» The problem
For the data below, give the number of lines in which "subseteq" occurs. Include nothing besides that number.

Stored data entries:
※

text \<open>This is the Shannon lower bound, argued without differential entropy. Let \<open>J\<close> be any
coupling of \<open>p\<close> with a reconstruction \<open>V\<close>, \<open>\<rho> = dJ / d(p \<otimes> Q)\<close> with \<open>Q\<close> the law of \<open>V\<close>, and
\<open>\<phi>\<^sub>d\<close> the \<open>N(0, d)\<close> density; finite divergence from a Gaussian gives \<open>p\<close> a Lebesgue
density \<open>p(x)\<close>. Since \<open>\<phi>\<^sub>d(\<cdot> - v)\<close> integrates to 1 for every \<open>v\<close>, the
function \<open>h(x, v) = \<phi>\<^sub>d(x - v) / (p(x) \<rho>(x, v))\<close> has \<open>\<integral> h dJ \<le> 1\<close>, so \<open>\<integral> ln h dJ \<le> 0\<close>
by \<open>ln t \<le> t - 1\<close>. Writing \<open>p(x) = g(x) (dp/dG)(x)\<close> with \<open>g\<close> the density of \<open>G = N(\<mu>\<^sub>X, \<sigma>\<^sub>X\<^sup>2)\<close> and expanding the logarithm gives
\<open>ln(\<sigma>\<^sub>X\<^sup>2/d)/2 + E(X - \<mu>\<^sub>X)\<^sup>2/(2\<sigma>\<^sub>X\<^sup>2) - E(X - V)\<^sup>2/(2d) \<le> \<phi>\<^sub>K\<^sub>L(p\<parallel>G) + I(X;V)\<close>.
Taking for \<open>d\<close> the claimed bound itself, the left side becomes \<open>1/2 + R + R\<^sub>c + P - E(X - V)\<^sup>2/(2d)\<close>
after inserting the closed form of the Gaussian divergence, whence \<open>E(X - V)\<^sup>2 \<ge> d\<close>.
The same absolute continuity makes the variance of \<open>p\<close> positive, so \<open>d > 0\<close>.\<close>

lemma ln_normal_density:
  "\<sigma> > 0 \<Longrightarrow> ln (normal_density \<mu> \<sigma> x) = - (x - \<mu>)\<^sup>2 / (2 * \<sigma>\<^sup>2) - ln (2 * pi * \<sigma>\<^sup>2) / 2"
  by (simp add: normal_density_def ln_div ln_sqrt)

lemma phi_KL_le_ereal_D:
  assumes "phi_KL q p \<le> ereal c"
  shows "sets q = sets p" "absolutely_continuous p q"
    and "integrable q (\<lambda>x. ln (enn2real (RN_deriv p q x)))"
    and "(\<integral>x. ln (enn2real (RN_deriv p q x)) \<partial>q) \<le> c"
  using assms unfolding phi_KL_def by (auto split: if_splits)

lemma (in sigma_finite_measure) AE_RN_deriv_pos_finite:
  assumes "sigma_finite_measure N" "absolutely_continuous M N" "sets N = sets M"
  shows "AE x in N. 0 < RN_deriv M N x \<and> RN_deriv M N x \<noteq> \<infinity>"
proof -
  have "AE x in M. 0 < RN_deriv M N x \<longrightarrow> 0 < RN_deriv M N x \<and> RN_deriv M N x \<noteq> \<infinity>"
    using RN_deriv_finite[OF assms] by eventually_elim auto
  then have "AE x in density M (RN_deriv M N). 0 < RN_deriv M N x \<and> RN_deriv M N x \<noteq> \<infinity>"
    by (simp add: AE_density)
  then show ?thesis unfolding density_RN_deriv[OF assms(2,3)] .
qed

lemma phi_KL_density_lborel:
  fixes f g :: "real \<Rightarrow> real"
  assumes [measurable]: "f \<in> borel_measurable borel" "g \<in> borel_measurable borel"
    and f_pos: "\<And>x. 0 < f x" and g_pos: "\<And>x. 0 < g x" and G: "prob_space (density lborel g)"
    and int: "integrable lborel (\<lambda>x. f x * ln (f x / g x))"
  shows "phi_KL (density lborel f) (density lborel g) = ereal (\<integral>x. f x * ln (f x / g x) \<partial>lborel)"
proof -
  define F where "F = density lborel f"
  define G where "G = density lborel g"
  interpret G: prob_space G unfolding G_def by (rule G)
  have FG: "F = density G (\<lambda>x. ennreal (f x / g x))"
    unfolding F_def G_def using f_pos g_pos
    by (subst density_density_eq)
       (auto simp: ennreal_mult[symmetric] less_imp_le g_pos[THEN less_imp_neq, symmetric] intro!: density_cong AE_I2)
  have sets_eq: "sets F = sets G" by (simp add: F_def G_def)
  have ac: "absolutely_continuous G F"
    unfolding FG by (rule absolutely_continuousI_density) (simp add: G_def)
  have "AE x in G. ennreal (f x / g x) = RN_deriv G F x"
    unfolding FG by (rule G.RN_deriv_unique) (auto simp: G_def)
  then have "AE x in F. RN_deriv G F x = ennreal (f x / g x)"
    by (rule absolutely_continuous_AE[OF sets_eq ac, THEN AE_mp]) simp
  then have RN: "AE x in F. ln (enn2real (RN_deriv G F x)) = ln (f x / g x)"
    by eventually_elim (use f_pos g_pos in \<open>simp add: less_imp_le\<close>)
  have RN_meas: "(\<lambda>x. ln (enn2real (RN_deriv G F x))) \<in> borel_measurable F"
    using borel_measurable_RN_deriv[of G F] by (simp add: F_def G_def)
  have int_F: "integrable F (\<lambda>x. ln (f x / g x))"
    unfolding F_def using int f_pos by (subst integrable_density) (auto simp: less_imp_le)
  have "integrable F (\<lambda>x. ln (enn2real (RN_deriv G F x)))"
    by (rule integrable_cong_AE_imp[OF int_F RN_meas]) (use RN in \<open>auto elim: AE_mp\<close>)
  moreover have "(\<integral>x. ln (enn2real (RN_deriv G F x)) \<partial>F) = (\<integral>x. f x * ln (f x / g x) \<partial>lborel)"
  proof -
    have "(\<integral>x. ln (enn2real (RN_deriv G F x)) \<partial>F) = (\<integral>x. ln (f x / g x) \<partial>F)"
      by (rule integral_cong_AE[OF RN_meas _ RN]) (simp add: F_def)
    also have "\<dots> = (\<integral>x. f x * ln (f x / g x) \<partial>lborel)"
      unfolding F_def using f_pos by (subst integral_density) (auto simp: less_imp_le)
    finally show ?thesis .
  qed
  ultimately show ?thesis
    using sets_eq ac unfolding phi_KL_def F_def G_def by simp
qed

※

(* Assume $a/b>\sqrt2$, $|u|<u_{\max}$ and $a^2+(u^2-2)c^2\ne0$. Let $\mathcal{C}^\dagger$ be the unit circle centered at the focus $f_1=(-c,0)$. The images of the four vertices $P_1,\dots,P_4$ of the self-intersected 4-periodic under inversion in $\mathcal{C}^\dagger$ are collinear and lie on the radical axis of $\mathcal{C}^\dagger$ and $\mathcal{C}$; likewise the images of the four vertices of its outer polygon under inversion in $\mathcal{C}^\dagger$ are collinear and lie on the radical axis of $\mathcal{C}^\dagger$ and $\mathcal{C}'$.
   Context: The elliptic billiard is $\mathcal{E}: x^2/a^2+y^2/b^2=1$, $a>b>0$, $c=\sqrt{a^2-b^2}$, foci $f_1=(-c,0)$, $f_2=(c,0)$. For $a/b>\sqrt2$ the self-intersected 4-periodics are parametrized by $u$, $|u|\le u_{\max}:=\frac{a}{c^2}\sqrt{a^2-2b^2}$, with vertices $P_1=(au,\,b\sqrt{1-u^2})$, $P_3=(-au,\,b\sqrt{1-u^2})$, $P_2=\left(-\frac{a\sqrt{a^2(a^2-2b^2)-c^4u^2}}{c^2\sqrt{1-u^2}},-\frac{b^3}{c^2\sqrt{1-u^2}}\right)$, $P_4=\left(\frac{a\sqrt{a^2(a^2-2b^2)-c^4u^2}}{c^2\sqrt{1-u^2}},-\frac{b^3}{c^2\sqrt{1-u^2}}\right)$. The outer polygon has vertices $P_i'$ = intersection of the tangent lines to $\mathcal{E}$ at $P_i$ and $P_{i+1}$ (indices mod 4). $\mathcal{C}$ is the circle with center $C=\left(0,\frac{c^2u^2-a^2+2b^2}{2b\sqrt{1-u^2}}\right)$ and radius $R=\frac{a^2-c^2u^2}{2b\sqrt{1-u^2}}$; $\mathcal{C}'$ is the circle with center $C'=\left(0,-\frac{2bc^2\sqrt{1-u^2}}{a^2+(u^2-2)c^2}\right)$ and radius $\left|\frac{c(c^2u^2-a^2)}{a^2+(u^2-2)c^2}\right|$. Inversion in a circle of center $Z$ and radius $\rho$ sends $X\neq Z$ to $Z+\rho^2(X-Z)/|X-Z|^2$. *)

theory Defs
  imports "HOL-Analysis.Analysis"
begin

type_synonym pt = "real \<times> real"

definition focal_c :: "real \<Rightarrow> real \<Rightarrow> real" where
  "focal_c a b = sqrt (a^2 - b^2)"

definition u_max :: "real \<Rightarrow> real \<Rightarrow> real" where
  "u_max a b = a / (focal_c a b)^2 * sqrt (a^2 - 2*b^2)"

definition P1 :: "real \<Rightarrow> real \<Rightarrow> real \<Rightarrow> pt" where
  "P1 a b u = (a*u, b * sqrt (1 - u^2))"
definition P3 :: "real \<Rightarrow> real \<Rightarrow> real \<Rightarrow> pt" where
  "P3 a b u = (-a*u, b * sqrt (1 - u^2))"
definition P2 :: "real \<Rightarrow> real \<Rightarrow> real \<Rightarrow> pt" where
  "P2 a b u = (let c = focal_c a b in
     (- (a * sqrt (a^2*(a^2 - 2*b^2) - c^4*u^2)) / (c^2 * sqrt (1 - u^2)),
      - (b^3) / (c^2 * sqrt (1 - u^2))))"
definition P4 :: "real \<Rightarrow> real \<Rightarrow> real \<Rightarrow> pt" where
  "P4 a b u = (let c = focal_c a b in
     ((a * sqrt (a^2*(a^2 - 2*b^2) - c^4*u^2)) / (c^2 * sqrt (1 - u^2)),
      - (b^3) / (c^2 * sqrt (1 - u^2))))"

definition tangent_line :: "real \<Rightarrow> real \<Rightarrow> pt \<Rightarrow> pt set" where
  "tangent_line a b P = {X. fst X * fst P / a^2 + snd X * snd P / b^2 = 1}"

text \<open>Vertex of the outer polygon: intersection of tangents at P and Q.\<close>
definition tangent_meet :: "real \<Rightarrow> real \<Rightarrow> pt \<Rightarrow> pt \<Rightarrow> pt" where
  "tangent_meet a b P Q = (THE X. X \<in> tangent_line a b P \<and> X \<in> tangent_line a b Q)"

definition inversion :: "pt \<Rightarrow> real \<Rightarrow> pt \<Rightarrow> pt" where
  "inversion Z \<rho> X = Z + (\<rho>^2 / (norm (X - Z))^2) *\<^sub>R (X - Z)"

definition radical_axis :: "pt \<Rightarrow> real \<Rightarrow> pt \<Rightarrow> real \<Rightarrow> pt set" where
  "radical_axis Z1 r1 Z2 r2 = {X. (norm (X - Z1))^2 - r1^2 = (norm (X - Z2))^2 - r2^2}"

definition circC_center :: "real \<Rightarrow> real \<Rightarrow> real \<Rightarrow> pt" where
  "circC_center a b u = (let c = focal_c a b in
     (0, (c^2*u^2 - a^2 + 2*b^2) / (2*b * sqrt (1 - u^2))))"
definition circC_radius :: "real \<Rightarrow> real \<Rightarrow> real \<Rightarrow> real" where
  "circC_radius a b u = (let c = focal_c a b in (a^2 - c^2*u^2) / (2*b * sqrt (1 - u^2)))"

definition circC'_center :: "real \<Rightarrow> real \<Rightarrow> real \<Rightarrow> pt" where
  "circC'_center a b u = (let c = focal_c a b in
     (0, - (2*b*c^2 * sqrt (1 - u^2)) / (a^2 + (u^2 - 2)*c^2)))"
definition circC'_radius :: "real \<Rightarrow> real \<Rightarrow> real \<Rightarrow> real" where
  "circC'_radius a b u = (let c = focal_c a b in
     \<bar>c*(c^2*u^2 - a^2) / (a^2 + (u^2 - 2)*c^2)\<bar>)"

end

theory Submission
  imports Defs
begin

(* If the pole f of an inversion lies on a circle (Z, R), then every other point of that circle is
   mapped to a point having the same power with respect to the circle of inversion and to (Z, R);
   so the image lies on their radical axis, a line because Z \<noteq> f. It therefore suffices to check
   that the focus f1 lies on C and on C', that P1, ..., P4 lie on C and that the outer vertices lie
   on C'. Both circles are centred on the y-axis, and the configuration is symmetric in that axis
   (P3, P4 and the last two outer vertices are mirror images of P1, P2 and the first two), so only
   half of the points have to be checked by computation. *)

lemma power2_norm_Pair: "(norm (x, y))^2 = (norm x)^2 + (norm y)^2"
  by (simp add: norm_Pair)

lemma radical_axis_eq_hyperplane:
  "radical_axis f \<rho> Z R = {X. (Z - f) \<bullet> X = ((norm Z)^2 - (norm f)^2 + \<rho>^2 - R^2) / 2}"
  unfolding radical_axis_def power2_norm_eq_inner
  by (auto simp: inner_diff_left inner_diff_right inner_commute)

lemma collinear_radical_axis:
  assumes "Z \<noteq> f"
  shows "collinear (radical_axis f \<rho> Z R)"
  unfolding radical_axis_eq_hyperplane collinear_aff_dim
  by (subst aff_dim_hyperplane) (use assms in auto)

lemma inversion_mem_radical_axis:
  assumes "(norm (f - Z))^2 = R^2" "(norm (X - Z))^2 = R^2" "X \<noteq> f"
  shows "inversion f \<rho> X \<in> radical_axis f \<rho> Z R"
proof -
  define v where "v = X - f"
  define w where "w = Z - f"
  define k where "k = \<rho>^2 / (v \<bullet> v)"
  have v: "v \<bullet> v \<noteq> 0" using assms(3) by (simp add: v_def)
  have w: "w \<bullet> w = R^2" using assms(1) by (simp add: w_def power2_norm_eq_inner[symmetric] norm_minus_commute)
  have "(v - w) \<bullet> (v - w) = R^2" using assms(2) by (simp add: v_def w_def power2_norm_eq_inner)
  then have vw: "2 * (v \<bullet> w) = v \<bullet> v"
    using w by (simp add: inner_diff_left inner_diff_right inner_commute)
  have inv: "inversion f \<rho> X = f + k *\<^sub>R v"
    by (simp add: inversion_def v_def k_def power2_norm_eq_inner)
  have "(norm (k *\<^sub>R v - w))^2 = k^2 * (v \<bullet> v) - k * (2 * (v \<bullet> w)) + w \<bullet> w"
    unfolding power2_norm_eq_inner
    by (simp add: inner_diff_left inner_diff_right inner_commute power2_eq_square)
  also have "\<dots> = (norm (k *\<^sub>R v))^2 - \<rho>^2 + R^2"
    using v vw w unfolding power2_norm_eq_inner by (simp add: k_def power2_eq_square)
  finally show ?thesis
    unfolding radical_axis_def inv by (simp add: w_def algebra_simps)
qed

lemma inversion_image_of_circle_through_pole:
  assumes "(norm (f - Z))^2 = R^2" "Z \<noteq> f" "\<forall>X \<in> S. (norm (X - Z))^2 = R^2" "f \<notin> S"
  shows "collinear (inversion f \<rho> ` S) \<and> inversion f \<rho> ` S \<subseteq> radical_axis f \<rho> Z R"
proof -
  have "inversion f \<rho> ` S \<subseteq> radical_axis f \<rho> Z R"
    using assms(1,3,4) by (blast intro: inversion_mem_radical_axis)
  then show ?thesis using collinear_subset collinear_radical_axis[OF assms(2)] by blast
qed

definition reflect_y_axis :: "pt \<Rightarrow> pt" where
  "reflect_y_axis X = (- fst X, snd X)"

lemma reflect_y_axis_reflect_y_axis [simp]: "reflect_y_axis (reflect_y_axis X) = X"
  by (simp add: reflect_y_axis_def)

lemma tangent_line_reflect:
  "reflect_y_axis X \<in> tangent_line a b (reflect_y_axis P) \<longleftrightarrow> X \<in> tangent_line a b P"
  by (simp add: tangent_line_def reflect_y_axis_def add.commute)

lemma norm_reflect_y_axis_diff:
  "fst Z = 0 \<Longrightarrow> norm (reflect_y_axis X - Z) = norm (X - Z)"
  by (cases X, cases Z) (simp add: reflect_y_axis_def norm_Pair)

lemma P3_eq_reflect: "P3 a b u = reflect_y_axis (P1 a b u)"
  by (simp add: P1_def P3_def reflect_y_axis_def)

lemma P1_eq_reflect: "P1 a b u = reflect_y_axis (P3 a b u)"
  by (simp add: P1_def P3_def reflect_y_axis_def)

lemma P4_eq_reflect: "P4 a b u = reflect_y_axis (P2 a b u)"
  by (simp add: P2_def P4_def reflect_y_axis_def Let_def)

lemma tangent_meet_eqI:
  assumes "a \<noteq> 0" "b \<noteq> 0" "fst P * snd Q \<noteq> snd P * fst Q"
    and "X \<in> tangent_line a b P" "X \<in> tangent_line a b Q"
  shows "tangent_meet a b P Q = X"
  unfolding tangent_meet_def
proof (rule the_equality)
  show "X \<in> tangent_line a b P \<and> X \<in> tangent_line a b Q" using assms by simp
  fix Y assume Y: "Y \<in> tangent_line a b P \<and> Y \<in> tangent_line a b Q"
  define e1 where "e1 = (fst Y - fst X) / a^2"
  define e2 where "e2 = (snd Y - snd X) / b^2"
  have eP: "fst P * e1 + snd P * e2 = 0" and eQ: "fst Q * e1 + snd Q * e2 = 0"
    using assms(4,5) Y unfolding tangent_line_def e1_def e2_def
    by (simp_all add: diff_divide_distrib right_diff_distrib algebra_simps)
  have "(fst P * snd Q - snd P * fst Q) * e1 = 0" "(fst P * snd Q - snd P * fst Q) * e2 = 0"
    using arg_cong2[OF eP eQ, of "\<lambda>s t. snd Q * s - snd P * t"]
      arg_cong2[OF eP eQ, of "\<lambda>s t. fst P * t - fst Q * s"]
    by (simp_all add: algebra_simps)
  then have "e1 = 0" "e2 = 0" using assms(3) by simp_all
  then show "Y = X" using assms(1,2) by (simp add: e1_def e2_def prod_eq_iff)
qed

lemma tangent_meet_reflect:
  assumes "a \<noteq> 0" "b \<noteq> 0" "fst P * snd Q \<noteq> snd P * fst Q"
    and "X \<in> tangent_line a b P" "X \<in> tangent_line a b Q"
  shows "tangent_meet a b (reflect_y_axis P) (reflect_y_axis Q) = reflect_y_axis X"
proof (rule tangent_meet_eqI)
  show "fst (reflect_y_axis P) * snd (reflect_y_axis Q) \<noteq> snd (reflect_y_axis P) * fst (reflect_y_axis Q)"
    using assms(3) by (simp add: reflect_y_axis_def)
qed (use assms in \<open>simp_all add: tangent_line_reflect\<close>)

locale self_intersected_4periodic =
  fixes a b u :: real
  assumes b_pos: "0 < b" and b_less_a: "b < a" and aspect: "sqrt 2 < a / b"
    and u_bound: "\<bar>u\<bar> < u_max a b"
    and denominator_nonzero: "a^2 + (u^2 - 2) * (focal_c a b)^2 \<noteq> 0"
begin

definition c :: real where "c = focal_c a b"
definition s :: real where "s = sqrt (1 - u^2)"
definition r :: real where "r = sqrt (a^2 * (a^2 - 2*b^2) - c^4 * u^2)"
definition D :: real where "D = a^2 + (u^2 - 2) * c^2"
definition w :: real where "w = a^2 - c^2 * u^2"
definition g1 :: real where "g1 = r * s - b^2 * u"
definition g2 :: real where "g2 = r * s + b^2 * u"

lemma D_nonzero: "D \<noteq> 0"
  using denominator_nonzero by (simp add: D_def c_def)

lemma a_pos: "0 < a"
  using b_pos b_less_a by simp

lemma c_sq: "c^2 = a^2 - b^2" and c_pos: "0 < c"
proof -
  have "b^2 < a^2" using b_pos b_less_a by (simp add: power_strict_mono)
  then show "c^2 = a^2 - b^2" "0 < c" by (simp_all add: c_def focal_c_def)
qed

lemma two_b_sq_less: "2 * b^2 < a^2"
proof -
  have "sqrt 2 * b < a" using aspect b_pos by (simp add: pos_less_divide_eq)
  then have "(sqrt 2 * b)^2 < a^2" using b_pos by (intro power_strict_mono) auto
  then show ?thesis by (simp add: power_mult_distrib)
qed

※

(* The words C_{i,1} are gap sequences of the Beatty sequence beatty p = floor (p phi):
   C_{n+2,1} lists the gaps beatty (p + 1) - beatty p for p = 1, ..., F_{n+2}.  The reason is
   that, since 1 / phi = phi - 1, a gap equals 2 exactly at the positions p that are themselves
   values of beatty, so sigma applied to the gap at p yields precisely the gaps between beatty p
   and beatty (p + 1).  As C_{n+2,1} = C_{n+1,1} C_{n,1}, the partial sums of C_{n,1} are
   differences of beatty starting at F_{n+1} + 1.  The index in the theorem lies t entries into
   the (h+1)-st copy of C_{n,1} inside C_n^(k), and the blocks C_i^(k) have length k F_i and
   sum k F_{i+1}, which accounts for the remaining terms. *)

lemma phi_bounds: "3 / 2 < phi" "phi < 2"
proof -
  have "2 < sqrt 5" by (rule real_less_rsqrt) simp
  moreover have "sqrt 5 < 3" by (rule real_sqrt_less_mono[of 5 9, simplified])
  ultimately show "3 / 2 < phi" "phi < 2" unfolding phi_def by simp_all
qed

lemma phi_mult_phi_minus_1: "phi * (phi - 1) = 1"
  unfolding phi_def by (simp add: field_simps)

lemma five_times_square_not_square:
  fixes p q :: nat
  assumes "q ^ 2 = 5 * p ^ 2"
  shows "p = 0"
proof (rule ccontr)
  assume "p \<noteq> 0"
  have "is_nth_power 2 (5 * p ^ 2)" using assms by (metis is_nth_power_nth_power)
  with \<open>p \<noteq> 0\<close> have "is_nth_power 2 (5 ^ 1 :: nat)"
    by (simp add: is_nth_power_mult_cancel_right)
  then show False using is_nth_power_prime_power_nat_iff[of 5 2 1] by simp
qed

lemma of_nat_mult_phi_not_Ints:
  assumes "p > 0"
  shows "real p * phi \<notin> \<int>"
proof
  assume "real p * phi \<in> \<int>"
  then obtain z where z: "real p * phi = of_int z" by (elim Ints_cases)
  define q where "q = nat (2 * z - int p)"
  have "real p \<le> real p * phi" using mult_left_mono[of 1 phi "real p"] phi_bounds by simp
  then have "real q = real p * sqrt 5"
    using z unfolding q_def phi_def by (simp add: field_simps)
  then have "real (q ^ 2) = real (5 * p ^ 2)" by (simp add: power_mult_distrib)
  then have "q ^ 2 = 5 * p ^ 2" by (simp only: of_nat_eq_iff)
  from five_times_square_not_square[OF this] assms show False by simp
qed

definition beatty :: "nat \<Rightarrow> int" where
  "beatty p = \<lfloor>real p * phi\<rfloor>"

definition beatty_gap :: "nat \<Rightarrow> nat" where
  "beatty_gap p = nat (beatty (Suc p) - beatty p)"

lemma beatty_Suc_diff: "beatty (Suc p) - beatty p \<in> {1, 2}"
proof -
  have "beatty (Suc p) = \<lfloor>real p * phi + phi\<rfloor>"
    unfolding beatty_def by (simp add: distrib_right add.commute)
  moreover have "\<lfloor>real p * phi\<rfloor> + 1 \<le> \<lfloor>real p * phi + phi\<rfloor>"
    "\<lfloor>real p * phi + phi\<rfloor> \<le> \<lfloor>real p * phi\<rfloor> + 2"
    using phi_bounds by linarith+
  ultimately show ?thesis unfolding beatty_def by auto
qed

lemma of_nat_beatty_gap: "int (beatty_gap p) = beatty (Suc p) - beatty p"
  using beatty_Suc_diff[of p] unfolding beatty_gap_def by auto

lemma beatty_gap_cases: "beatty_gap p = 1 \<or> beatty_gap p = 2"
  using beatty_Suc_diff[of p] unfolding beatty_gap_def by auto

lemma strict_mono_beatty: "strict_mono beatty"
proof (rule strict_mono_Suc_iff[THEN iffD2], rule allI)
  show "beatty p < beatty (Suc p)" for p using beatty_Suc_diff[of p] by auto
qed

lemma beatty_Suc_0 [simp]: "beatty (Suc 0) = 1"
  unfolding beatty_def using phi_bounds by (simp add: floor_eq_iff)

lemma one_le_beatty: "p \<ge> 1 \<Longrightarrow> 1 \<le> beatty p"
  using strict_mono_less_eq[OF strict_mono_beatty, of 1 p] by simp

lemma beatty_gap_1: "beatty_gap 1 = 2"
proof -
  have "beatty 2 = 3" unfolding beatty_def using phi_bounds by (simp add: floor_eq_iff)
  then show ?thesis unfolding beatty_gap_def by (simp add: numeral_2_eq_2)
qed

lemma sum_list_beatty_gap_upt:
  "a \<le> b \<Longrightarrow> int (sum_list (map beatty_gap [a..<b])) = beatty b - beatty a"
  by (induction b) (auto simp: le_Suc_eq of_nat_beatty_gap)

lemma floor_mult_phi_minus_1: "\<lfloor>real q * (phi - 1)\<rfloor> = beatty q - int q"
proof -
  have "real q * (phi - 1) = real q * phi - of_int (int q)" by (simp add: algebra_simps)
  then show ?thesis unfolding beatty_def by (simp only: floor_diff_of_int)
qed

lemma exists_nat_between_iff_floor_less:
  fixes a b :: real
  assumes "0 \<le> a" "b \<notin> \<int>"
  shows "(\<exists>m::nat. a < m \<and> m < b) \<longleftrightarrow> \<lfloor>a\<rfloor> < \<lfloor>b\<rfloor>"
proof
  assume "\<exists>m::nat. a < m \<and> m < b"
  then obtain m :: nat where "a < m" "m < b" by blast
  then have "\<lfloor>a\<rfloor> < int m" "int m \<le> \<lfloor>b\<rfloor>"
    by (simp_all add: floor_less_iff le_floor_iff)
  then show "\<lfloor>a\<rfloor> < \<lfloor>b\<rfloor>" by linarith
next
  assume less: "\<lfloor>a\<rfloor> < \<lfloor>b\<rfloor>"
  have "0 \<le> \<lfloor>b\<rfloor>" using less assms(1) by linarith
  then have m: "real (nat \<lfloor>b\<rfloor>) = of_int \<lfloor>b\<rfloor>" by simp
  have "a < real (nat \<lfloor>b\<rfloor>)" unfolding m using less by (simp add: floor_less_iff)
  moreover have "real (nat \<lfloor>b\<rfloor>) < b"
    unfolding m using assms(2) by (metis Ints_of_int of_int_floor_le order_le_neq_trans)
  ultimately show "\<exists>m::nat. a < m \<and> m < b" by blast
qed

※

» Answer to the exercise
2